At Sea: GIJN’s latest resource offers up a comprehensive list for tracking ships. Photo: Kinsey on UnsplashMore than 90,000 commercial ships make up the world’s commercial fleet, their locations closely tracked and the resulting data available for free.

GIJN has compiled a comprehensive list of resources to track ships (including big yachts and fishing boats).

It’s possible to learn where ships came from and where they are going in near real time. Also, you can research ship owners, get information about the ships and see pictures of them. Tools also exist to follow the movements of the cargo containers they carry.

Just for the wow factor, click to see this world map that reveals the magnitude of ocean shipping.

Read a description of how ships are tracked through the use of the automatic identification system (AIS). AIS signals from some 180,000 vessels are monitored daily via land-based stations and satellites.

While much information can be obtained for free, subscriptions are often required to acquire more sophisticated material, such as very current or historic information. The options range, as do the prices, but in very general terms, a subscription may run to a few hundred dollars a month. Some of the vendors are open to working with journalists, to provide images and more.

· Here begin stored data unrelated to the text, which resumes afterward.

lemma inj_on_enc: "inj_on (enc C2 w K) (LS K)"
proof (rule inj_onI)
  fix g g'
  assume g: "g \<in> LS K" "g' \<in> LS K" and eq: "enc C2 w K g = enc C2 w K g'"
  have "C2 \<noteq> {}"
    using zero_in_C2 by blast
  show "g = g'"
  proof
    fix v
    show "g v = g' v"
    proof (cases "v \<in> bvecs K")
      case True
      then show ?thesis
        using fun_cong[OF eq, of "encword w K v"] \<open>C2 \<noteq> {}\<close> by (simp add: enc_at_encword)
    next
      case False
      then show ?thesis
        using g unfolding LS_def by simp
    qed
  qed
qed

lemma logket_phase:
  assumes \<phi>: "\<forall>x\<in>C1. \<forall>u\<in>C2. \<phi> (x + u) = \<phi> x"
  shows "\<phi> y * logket C2 w K v y = \<phi> (encword w K v) * logket C2 w K v y"
proof -
  have on_support: "\<phi> y * ket (u + encword w K v) y = \<phi> (encword w K v) * ket (u + encword w K v) y"
    if "u \<in> C2" for u
  proof -
    have "\<phi> (u + encword w K v) = \<phi> (encword w K v)"
      using \<phi> encword_in_C1 that by (metis add.commute)
    then show ?thesis
      by (simp add: ket_def)
  qed
  have "\<phi> y * (\<Sum>u\<in>C2. ket (u + encword w K v) y) =
      \<phi> (encword w K v) * (\<Sum>u\<in>C2. ket (u + encword w K v) y)"
    unfolding sum_distrib_left using on_support by (rule sum.cong[OF refl])
  then show ?thesis
    unfolding logket_def
    by (simp only: mult.left_commute[of "\<phi> y"] mult.left_commute[of "\<phi> (encword w K v)"])
qed

lemma logical_action_phase:
  assumes \<phi>: "\<forall>x\<in>C1. \<forall>u\<in>C2. \<phi> (x + u) = \<phi> x" and g: "g \<in> LS K"
  shows "logical_action C2 w K (\<lambda>f x. \<phi> x * f x) g = (\<lambda>v. \<phi> (encword w K v) * g v)"
proof -
  have "\<phi> x * enc C2 w K g x = enc C2 w K (\<lambda>v. \<phi> (encword w K v) * g v) x" for x
  proof -
    have "\<phi> x * enc C2 w K g x = (\<Sum>v\<in>bvecs K. g v * (\<phi> x * logket C2 w K v x))"
      unfolding enc_def by (simp add: sum_distrib_left mult.left_commute)
    also have "\<dots> = (\<Sum>v\<in>bvecs K. g v * (\<phi> (encword w K v) * logket C2 w K v x))"
      by (simp only: logket_phase[OF \<phi>])
    also have "\<dots> = enc C2 w K (\<lambda>v. \<phi> (encword w K v) * g v) x"
      unfolding enc_def by (simp add: mult.assoc mult.left_commute)
    finally show ?thesis .
  qed
  moreover have "(\<lambda>v. \<phi> (encword w K v) * g v) \<in> LS K"
    using g unfolding LS_def by simp
  ultimately show ?thesis
    unfolding logical_action_def using the_inv_into_f_f[OF inj_on_enc] by presburger
qed

lemma weight_condition_iff:
  "(\<forall>u\<in>C2. \<forall>v\<in>bvecs K. wt (u + encword w K v) mod N = h v mod N) \<longleftrightarrow>
    coset_weight_invariant N C1 C2 \<and> (\<forall>v\<in>bvecs K. wt (encword w K v) mod N = h v mod N)"
proof
  assume cond: "\<forall>u\<in>C2. \<forall>v\<in>bvecs K. wt (u + encword w K v) mod N = h v mod N"
  have "wt (x + u) mod N = wt x mod N" if x: "x \<in> C1" and u: "u \<in> C2" for x u
  proof -
    obtain u' v where u': "u' \<in> C2" and v: "v \<in> bvecs K" and x_eq: "x = u' + encword w K v"
      using C1_decomposition[OF x] by blast
    have sum_eq: "x + u = (u' + u) + encword w K v"
      unfolding x_eq by (simp add: add_ac)
    have "u' + u \<in> C2"
      using vec.subspace_add[OF subspace_C2 u' u] .
    then have "wt (x + u) mod N = h v mod N"
      unfolding sum_eq using cond v by blast
    moreover have "wt x mod N = h v mod N"
      using cond u' v x_eq by blast
    ultimately show ?thesis
      by simp
  qed
  moreover have "wt (encword w K v) mod N = h v mod N" if "v \<in> bvecs K" for v
    using cond zero_in_C2 that by fastforce
  ultimately show "coset_weight_invariant N C1 C2 \<and> (\<forall>v\<in>bvecs K. wt (encword w K v) mod N = h v mod N)"
    unfolding coset_weight_invariant_def by blast
next
  assume "coset_weight_invariant N C1 C2 \<and> (\<forall>v\<in>bvecs K. wt (encword w K v) mod N = h v mod N)"
  then show "\<forall>u\<in>C2. \<forall>v\<in>bvecs K. wt (u + encword w K v) mod N = h v mod N"
    using encword_in_C1 unfolding coset_weight_invariant_def by (metis add.commute)
qed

Tracking Data Used in Variety of Ways

Mapping Marine Traffic: The global traffic map shows just how busy our oceans are. Screenshot

Ship-tracking data has been critical for reporting on collisions at sea, both on a spot news basis and in investigative reporting. For example, here’s a look-back by The New York Times at a 2017 crash between a US Navy ship and a commercial ship near Singapore. MarineTraffic supplied data for the story.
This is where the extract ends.